- [Task description]
Whenever a line in the listing contains "rest", copy that line.
[Input data Boundary: Start]
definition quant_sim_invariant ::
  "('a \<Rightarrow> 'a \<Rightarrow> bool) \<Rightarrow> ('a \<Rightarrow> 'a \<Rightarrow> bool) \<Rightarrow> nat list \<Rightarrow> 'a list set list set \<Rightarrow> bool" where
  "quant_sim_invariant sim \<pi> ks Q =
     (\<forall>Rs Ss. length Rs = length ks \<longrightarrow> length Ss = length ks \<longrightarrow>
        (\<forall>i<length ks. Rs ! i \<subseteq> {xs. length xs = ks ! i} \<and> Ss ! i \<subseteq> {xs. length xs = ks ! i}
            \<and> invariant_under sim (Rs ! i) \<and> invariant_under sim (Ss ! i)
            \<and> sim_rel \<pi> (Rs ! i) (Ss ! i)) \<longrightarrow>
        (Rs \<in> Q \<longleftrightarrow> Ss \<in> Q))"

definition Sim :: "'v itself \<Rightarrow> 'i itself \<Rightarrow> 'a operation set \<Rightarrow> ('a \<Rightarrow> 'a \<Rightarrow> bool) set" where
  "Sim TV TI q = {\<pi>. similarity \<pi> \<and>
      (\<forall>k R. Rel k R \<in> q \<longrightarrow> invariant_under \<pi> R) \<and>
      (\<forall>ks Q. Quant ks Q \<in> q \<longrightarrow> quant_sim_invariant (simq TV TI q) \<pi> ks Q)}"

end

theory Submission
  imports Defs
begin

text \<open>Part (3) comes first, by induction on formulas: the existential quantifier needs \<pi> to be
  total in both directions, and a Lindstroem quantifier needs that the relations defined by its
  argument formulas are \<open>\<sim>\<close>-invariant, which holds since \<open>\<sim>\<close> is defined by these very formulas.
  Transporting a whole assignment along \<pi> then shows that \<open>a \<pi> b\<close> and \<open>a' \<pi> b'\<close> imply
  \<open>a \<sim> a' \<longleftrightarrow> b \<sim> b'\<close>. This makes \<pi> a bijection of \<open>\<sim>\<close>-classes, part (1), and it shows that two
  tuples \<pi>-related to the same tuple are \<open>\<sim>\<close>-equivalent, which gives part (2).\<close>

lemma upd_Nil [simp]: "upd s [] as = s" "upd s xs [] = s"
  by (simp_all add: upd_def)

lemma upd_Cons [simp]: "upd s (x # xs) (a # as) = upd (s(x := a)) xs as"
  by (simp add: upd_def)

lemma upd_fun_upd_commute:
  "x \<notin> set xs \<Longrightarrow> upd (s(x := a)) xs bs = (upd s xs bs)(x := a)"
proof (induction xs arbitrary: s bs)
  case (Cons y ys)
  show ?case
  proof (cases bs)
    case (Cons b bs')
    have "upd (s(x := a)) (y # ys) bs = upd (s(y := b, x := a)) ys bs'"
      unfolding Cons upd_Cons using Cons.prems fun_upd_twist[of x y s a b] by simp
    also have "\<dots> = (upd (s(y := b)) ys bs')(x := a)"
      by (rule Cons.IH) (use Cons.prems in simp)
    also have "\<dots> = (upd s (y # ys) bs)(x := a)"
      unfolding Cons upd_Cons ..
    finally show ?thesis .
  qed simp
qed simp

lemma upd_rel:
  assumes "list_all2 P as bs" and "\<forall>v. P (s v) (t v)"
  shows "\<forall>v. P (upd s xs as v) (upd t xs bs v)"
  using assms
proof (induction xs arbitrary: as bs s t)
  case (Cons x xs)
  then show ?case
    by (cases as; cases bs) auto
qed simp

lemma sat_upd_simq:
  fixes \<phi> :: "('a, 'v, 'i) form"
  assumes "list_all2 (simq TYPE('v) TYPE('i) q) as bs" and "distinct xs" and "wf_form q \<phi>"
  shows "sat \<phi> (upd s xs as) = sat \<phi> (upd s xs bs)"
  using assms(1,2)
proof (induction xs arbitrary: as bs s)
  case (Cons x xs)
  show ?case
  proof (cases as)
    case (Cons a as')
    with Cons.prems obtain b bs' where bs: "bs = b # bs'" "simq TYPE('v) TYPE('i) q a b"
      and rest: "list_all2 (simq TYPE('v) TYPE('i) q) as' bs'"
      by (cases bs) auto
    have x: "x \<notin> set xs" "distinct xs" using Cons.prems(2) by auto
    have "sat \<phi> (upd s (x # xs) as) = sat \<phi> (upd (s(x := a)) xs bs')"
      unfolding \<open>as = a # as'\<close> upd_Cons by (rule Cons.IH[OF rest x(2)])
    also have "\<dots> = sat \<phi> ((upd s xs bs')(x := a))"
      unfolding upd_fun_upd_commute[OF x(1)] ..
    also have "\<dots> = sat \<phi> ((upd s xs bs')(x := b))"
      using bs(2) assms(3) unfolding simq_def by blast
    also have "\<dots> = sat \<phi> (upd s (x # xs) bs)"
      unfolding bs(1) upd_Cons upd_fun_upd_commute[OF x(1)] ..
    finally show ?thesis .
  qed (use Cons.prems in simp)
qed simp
[Input data Boundary: End]
- [Solution]
      and rest: "list_all2 (simq TYPE('v) TYPE('i) q) as' bs'"
      unfolding \<open>as = a # as'\<close> upd_Cons by (rule Cons.IH[OF rest x(2)])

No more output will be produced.